Меня высаживают перед домом, я поднимаюсь по ступенькам крыльца и звоню в звонок, но дверь не заперта, и я вхожу, дрожа от нетерпения, пересекаю коридор и попадаю в большую ярко освещенную комнату. На другом ее конце, спиной ко мне, стоит женщина. Наконец-то! Наконец-то! — говорю я себе. Наконец-то я нашла мою настоящую мать! «Мама… — зову я, но она не отвечает, даже не оборачивается, и тогда я подхожу ближе, трогаю ее за руку и повторяю: — Мама…» — а она оказывается каменной.
Проснувшись, я понимаю, что наступила ночь и мы приехали. Голова у меня тяжелая, хочется писать.
Пока мы вылезаем из машины, Янек шепчет мне на ухо:
— Я видел монахинь, хорошего от них не жди, так что я тут надолго не задержусь.
— Они были темные? В коричневых платьях?
— Нет, в черно-белых. Но точно немки.
Негр и второй американец куда-то уносят наши чемоданы.

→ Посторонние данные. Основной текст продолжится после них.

(* Let $(X,d)$ be a Hadamard space, $\mathbf a$ a mask, $S$ the associated barycentric scheme, and $(X_n^{\mathbf a})_{n\ge0}$ the characteristic Markov chain of $\mathbf a$. Let $x\in\ell^\infty(\mathbb Z^s,X)$ and $n\in\mathbb N$. Then for every initial distribution $\alpha$ on $\mathbb Z^s$, $$(S^nx)\circ X_0^{\mathbf a}=E\big(x\circ X_n^{\mathbf a}\,\big|\big|\big|\,\mathcal F_0\big)\quad \mathbb P_\alpha\text{-almost surely},$$ where the filtered conditional expectation is taken with respect to the filtration $\mathcal F_0\subseteq\mathcal F_1\subseteq\dots\subseteq\mathcal F_n$ and the measure $\mathbb P_\alpha$.
   Context: Hadamard space: complete metric space $(X,d)$ such that for any $x_0,x_1\in X$ there is $y$ with $d(z,y)^2\le\frac12d(z,x_0)^2+\frac12d(z,x_1)^2-\frac14d(x_0,x_1)^2$ for all $z$. Mask: finitely supported nonnegative $(a_i)_{i\in\mathbb Z^s}$ with $\sum_j a_{i-2j}=1$ for all $i$. Barycentric scheme: $Sx_i=\operatorname{argmin}_{y\in X}\sum_j a_{i-2j}d^2(x_j,y)$ on $\ell^\infty(\mathbb Z^s,X)$. Define $a^{(0)}_i=\delta_{i,0}$ and $a^{(n+1)}_i=\sum_{j}a_{i-2j}a^{(n)}_j$. Characteristic Markov chain: on $\Omega=(\mathbb Z^s)^{\mathbb N_0}$ with product $\sigma$-algebra $\mathcal F$, let $X_n^{\mathbf a}(\omega)=\omega_n$, let $\mathcal F_n$ be the $\sigma$-algebra generated by $X_0^{\mathbf a},\dots,X_n^{\mathbf a}$, and for a probability distribution $\alpha$ on $\mathbb Z^s$ let $\mathbb P_\alpha$ be the probability measure with $\mathbb P_\alpha(X_0=i_0,\dots,X_n=i_n)=\alpha_{i_0}\prod_{k=1}^n a_{i_{k-1}-2i_k}$; its $m$-step transition probabilities are $p_{n,n+m}(i,j)=a^{(m)}_{i-2^mj}$. Conditional expectation (Sturm): for a sub-$\sigma$-algebra $\mathcal G$ and a square-integrable $X$-valued random variable $Y$ with separable image, $E(Y|\mathcal G)$ is the a.s. unique $\mathcal G$-measurable square-integrable $Z$ minimizing $Z'\mapsto E\,d^2(Y,Z')$ over $\mathcal G$-measurable square-integrable $Z'$. Filtered conditional expectation: for $\mathcal F_0\subseteq\dots\subseteq\mathcal F_N$ and $\mathcal F_N$-measurable $Y$, $E(Y|||\mathcal F_0)=E(\cdots E(E(Y|\mathcal F_{N-1})|\mathcal F_{N-2})\cdots|\mathcal F_0)$. *)

theory Defs
  imports "HOL-Probability.Probability"
begin

text \<open>Lattice points of Z^s are modelled as int^'s (dimension s = CARD('s)).\<close>

definition hadamard :: "'a::complete_space itself \<Rightarrow> bool" where
  "hadamard _ \<longleftrightarrow> (\<forall>x0 x1::'a. \<exists>y. \<forall>z.
      (dist z y)^2 \<le> (dist z x0)^2 / 2 + (dist z x1)^2 / 2 - (dist x0 x1)^2 / 4)"
(* Let $n\ge2$, let $A\subseteq\mathfrak{S}_n$ be Schur-positive and $\mathrm{cDes}$-invariant, and let $(m_\lambda)_{\lambda\vdash n}$ be nonnegative integers such that $\sum_{\pi\in A}\mathbf{x}^{\mathrm{Des}(\pi)}=\sum_{\lambda\vdash n}m_\lambda\sum_{T\in\mathrm{SYT}(\lambda)}\mathbf{x}^{\mathrm{Des}(T)}$. Then for every $0\le k<n$ the alternating sum $\sum_{i=k}^{n-1}(-1)^{k-i}m_{(n-i,1^i)}$ is nonnegative, and it equals $0$ when $k=0$.
   Context: For $\pi\in\mathfrak{S}_n$ (one-line notation), $\mathrm{Des}(\pi)=\{i\in[n-1]:\pi(i)>\pi(i+1)\}$ and $\mathrm{cDes}(\pi)=\{i\in[n]:\pi(i)>\pi(i+1)\}$ with $\pi(n+1):=\pi(1)$. $\mathbf{x}^J=\prod_{i\in J}x_i$; $i+J=\{i+j\bmod n:j\in J\}\subseteq[n]$. $A$ is Schur-positive if $\sum_{\pi\in A}\mathcal{F}_{n,\mathrm{Des}(\pi)}$ is symmetric and Schur-nonnegative, where $\mathcal{F}_{n,D}=\sum x_{i_1}\cdots x_{i_n}$ over $i_1\le\cdots\le i_n$ with $i_j<i_{j+1}$ for $j\in D$. $A$ is $\mathrm{cDes}$-invariant if there is a bijection $\psi:A\to A$ with $\mathrm{cDes}(\psi\pi)=1+\mathrm{cDes}(\pi)$. For $T\in\mathrm{SYT}(\lambda)$, $\mathrm{Des}(T)$ is the set of $i\in[n-1]$ with $i+1$ in a strictly lower row than $i$; $(n-i,1^i)$ denotes a hook partition. *)

theory Defs
  imports "HOL-Combinatorics.Permutations"
begin

(* Permutations of [n] = {1..n} are functions nat => nat that permute {1..n}. *)

definition Des :: "nat \<Rightarrow> (nat \<Rightarrow> nat) \<Rightarrow> nat set" where
  "Des n \<pi> = {i \<in> {1..n-1}. \<pi> i > \<pi> (i+1)}"

definition cDes :: "nat \<Rightarrow> (nat \<Rightarrow> nat) \<Rightarrow> nat set" where
  "cDes n \<pi> = {i \<in> {1..n}. \<pi> i > \<pi> (if i = n then 1 else i+1)}"

(* i + J = {i + j mod n : j in J}, residues taken in [n] = {1..n} *)
definition cshift :: "nat \<Rightarrow> nat \<Rightarrow> nat set \<Rightarrow> nat set" where
  "cshift n i J = (\<lambda>j. ((i + j + n - 1) mod n) + 1) ` J"

definition cDes_invariant :: "nat \<Rightarrow> (nat \<Rightarrow> nat) set \<Rightarrow> bool" where
  "cDes_invariant n A \<longleftrightarrow>
     (\<exists>\<psi>. bij_betw \<psi> A A \<and> (\<forall>\<pi>\<in>A. cDes n (\<psi> \<pi>) = cshift n 1 (cDes n \<pi>)))"
lemma haar_integral_left_mult:
  fixes f :: "complex^'n^'n \<Rightarrow> 'b::{banach, second_countable_topology}"
  assumes V: "unitary_mat V" and f: "continuous_on UNIV f"
  shows "(\<integral>U. f (V ** U) \<partial>M) = (\<integral>U. f U \<partial>M)"
proof -
  have "(\<integral>U. f U \<partial>M) = (\<integral>U. f U \<partial>distr M borel (\<lambda>U. V ** U))"
    by (simp only: haar_distr_left_mult[OF V])
  also have "\<dots> = (\<integral>U. f (V ** U) \<partial>M)"
    by (intro integral_distr haar_measurable_continuous borel_measurable_continuous_onI f
        continuous_on_matrix_mult_left)
  finally show ?thesis ..
qed

lemma haar_integrable_left_mult:
  fixes f :: "complex^'n^'n \<Rightarrow> 'b::{banach, second_countable_topology}"
  assumes V: "unitary_mat V" and f: "continuous_on UNIV f" and "integrable M f"
  shows "integrable M (\<lambda>U. f (V ** U))"
proof -
  have "integrable (distr M borel (\<lambda>U. V ** U)) f"
    using assms(3) by (simp only: haar_distr_left_mult[OF V])
  then show ?thesis
    by (subst (asm) integrable_distr_eq)
       (intro haar_measurable_continuous borel_measurable_continuous_onI f
         continuous_on_matrix_mult_left)+
qed

lemma haar_integrable_bounded:
  fixes f :: "complex^'n^'n \<Rightarrow> 'b::{banach, second_countable_topology}"
  assumes f: "continuous_on UNIV f" and bound: "\<And>U. unitary_mat U \<Longrightarrow> norm (f U) \<le> B"
  shows "integrable M f"
proof -
  interpret prob_space M by (rule haar_prob_space)
  have "AE U in M. norm (f U) \<le> B"
    using haar_AE_unitary by (rule AE_mp) (simp add: bound)
  then show ?thesis
    by (intro integrable_const_bound haar_measurable_continuous f)
qed
definition kernel :: "complex \<Rightarrow> complex \<Rightarrow> complex" where
  "kernel \<alpha> z = 1 / (1 - cnj \<alpha> * z)"

definition L2 :: "(real \<Rightarrow> complex) set" where
  "L2 = {g. set_borel_measurable lborel {0..1} g \<and>
            set_integrable lborel {0..1} (\<lambda>x. (cmod (g x))\<^sup>2)}"

definition L2_norm :: "(real \<Rightarrow> complex) \<Rightarrow> real" where
  "L2_norm g = sqrt (LINT x:{0..1}|lborel. (cmod (g x))\<^sup>2)"

text \<open>U is (a representative-level description of) the Sarason transform: a linear map
  L^2([0,1]) \<rightarrow> H^2, well defined on a.e.-classes, isometric and onto (i.e. unitary),
  with U(x^n) = 1/(n+1) k_{n/(n+1)}.  Equalities in H^2 are equalities on the disc.\<close>
definition is_sarason :: "((real \<Rightarrow> complex) \<Rightarrow> complex \<Rightarrow> complex) \<Rightarrow> bool" where
  "is_sarason U \<longleftrightarrow>
     (\<forall>g\<in>L2. U g \<in> H2) \<and>
     (\<forall>g\<in>L2. \<forall>h\<in>L2. \<forall>z\<in>ball 0 1. U (\<lambda>x. g x + h x) z = U g z + U h z) \<and>
     (\<forall>g\<in>L2. \<forall>c. \<forall>z\<in>ball 0 1. U (\<lambda>x. c * g x) z = c * U g z) \<and>
     (\<forall>g\<in>L2. \<forall>h\<in>L2. (AE x in lborel. x \<in> {0..1} \<longrightarrow> g x = h x) \<longrightarrow>
                         (\<forall>z\<in>ball 0 1. U g z = U h z)) \<and>
     (\<forall>g\<in>L2. H2_norm (U g) = L2_norm g) \<and>
     (\<forall>f\<in>H2. \<exists>g\<in>L2. \<forall>z\<in>ball 0 1. U g z = f z) \<and>
     (\<forall>n::nat. \<forall>z\<in>ball 0 1.
        U (\<lambda>x. complex_of_real x ^ n) z
          = (1 / of_nat (n + 1)) * kernel (of_nat n / of_nat (n + 1)) z)"

end

theory Submission
  imports Defs "HOL-Real_Asymp.Real_Asymp"
begin

(* A function in L^2([0,1]) is determined almost everywhere by its moments of large order,
   since by Weierstrass approximation they control its integrals against all continuous
   functions. By unitarity of U and the reproducing property of the kernels,
   int_0^1 g(x) x^n dx = <g, x^n> = <U g, U x^n> = f(n/(n+1)) / (n+1).
   The series h(x) = sum_j F^(j)(1) (ln x)^j / (j!)^2 has the same moments once 1/(n+1) is
   below the radius of convergence of F at 1: integrating termwise with
   int_0^1 x^n (ln x)^j dx = (-1)^j j! / (n+1)^(j+1) turns int_0^1 h(x) x^n dx into
   1/(n+1) times the Taylor series of F at 1, evaluated at n/(n+1). Hence g = h a.e. *)

section \<open>Logarithmic moments\<close>

(* Integration by parts: with L = -ln x, the integral of x^n L^(j+1) is
   x^(n+1) L^(j+1) / (n+1) + (j+1)/(n+1) times the integral of x^n L^j. *)
fun log_moment_primitive :: "nat \<Rightarrow> nat \<Rightarrow> real \<Rightarrow> real" where
  "log_moment_primitive n 0 x = x ^ Suc n / Suc n"
| "log_moment_primitive n (Suc j) x =
     (x ^ Suc n * (- ln x) ^ Suc j + Suc j * log_moment_primitive n j x) / Suc n"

— Какое-то время вы побудете в этом центре, — объясняет мисс Мулик, ведя нас в дом. — Понадобится время, чтобы привести в порядок все документы. Спальня девочек слева, мальчиков — справа, но вы будете встречаться каждый день за едой, во всяком случае, до тех пор, пока мы не найдем для вас семьи.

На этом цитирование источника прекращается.